Back when you were wrote the Hacker Crackdown, you described a world where ham-handed and overly zealous law enforcement and hacker culture collided, and predicted more of the same in the future. How has modern day law enforcement evolved in terms of its approach since that time, in what ways is it more savvy, and in what ways does it still strike you as draconian or clumsy in its approach.

Bruce: Man, the current generation of cops is scarily computer-literate. More so than straight people, even. You get busted for anything at all nowadays, and the cops are all over your computers. They're in your smartphone, your Dropbox, your Facebook. They can shovel you off into the slammer without even bothering to talk to you.

Even miserable credit-card coder-thieves are getting hit by RICO charges now. That means that if you're some hacker rip-off artist, and you've got a sock full of Bitcoins hidden somewhere, man, the cops are gonna come to your door with trucks and vans and confiscate every physical object you own. With RICO, they'll raffle that off, and keep the proceeds for themselves. They've got the legal precedents in place now to treat bad-boy hackers just like the Mafia and the Sinaloa drug cartels. Draconian? You bet! Clumsy? Not really.

Don't even get me started on the NSA, pal. Or Wikileaks, either.



Long time no see - have we gone away from hard SF?
by WillAffleckUW

Hey, Bruce. What is your current feeling on the current trends in fiction - in book form, manga, anime, TV, and film - have we gone away from hard SF towards science fiction focused on relationships and societies, or is this just a surface trend as we deal with the actual implications of reality and the near future?

Bruce: We've gone away from science because our whole society's gone away from science. We're in a science-hostile society now, it's politically dominated by Creationists and climate denialists.

"Science fiction" was created in an American 1920s society that had heaps of fiction and a little bit of science. Now we're in a society that's increasingly indifferent to both its fiction and its science. The core audience of techie guys who might like "hard science fiction," they wouldn't have a lot of spare time to read print nowadays. They're in Maker spaces, they like Kickstarters. They don't read any 1920s Hugo Gernsback paper mags about scientifiction and crystal-radio sets. They read Slashdot.

I don't blame 'em. That's just how it is. I saw that happen, year by year. The trend has been very obvious.

The other stuff, about "focussed on relationships and societies," that's a code term for noticing that women are the major creative figures in fantastic print fiction nowadays. Dude, you bet they are.
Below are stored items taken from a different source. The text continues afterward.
(* Let $\mathcal G$ be a $\sigma$-compact locally compact Hausdorff étale groupoid, $\ell$ a continuous, proper, controlled length function on $\mathcal G$, and $\rho$ the induced extended metric. Let $u\in\mathcal G^{(0)}$ and $R,\varepsilon>0$. Then there are $S\in[R,R+\varepsilon)$, an open neighborhood $V$ of $u$ in $\mathcal G^{(0)}$, an open set $W\subseteq\mathcal G$ and a homeomorphism $f:\bar B_\rho(u,S)\times V\to W$ such that: (1) $f(u,v)=v$ for all $v\in V$; (2) $f(x,u)=x$ for all $x\in\bar B_\rho(u,S)$; (3) $f(\bar B_\rho(u,S)\times\{v\})=\bar B_\rho(v,S)$ for all $v\in V$; (4) $|\rho(x,y)-\rho(f(x,v),f(y,v))|<\varepsilon$ for all $x,y\in\bar B_\rho(u,S)$ and $v\in V$.
   Context: A length function is $\ell:\mathcal G\to[0,\infty)$ with $\ell(x)=0$ iff $x\in\mathcal G^{(0)}$, $\ell(x^{-1})=\ell(x)$, $\ell(xy)\le\ell(x)+\ell(y)$ for composable $x,y$. It is proper if every $K\subseteq\mathcal G\setminus\mathcal G^{(0)}$ with $\sup_K\ell<\infty$ is precompact, and controlled if $\sup_K\ell<\infty$ for every precompact $K$. The induced extended metric is $\rho(x,y)=\ell(xy^{-1})$ if $s(x)=s(y)$ and $\rho(x,y)=\infty$ otherwise. $\bar B_\rho(x,S)=\{y:\rho(x,y)\le S\}$ (a finite subset of the source fiber of $x$). *)

theory Defs
  imports "HOL-Analysis.Analysis"
begin

text \<open>A groupoid whose arrows are all elements of the type 'g, given by source s,
range r, inverse iv and (partial) multiplication mul; mul x y is meaningful
when s x = r y.\<close>

definition gunits :: "('g \<Rightarrow> 'g) \<Rightarrow> 'g set" where
  "gunits s = {x. s x = x}"

definition groupoid ::
  "('g \<Rightarrow> 'g) \<Rightarrow> ('g \<Rightarrow> 'g) \<Rightarrow> ('g \<Rightarrow> 'g) \<Rightarrow> ('g \<Rightarrow> 'g \<Rightarrow> 'g) \<Rightarrow> bool" where
  "groupoid s r iv mul \<longleftrightarrow>
     (\<forall>x. s (s x) = s x \<and> r (r x) = r x \<and> s (r x) = r x \<and> r (s x) = s x) \<and>
     (\<forall>x y. s x = r y \<longrightarrow> s (mul x y) = s y \<and> r (mul x y) = r x) \<and>
     (\<forall>x y z. s x = r y \<longrightarrow> s y = r z \<longrightarrow> mul (mul x y) z = mul x (mul y z)) \<and>
     (\<forall>x. mul (r x) x = x \<and> mul x (s x) = x) \<and>
     (\<forall>x. s (iv x) = r x \<and> r (iv x) = s x \<and> mul x (iv x) = r x \<and> mul (iv x) x = s x)"

definition local_homeomorphism :: "('a::topological_space \<Rightarrow> 'b::topological_space) \<Rightarrow> bool" where
  "local_homeomorphism f \<longleftrightarrow>
     continuous_on UNIV f \<and>
     (\<forall>x. \<exists>U. open U \<and> x \<in> U \<and> open (f ` U) \<and> (\<exists>g. homeomorphism U (f ` U) f g))"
Hunger Games, Harry Potter, Twilight, man, that stuff made an absolute mint. Those huge commercial successes by women writers are practically the only things keeping bookstores open nowadays.



In a fight between...
by RDW

In his Slashdot interview back in 2004, Neal Stephenson told us about epic battles that he, William Gibson and you were fighting:

"One of my psi blasts kicked up a large divot of earth and rubble, uncovering a silver metallic object, hitherto buried, that seemed to have been crafted by an industrial designer. It was a nitro-veridian device that had been buried there by Sterling. We were able to fly clear before it detonated. The blast caused a seismic rupture that split off a sizable part of Canada and created what we now know as Vancouver Island. This was the last fight between me and Gibson. For both of us, by studying certain ancient prophecies, had independently arrived at the same conclusion, namely that Sterling's professed interest in industrial design was a mere cover for work in super-weapons. Gibson and I formed a pact to fight Sterling. So far we have made little headway in seeking out his lair of brushed steel and white LEDs, because I had a dentist appointment and Gibson had to attend a writers' conference, but keep an eye on Slashdot for any further developments."

So, can the story now be told? Who was the eventual winner?


Bruce: That Slashdot piece was one of the funniest things Neal ever wrote. He wins, really, flat out. Gibson and I, we can't compete with Neal in that arena. Gibson's too busy making clothes for some Japanese fashion outfit, and I'm playing culture-critic at some electronic art-fair.

So, let peace break out -- that's my philosophy.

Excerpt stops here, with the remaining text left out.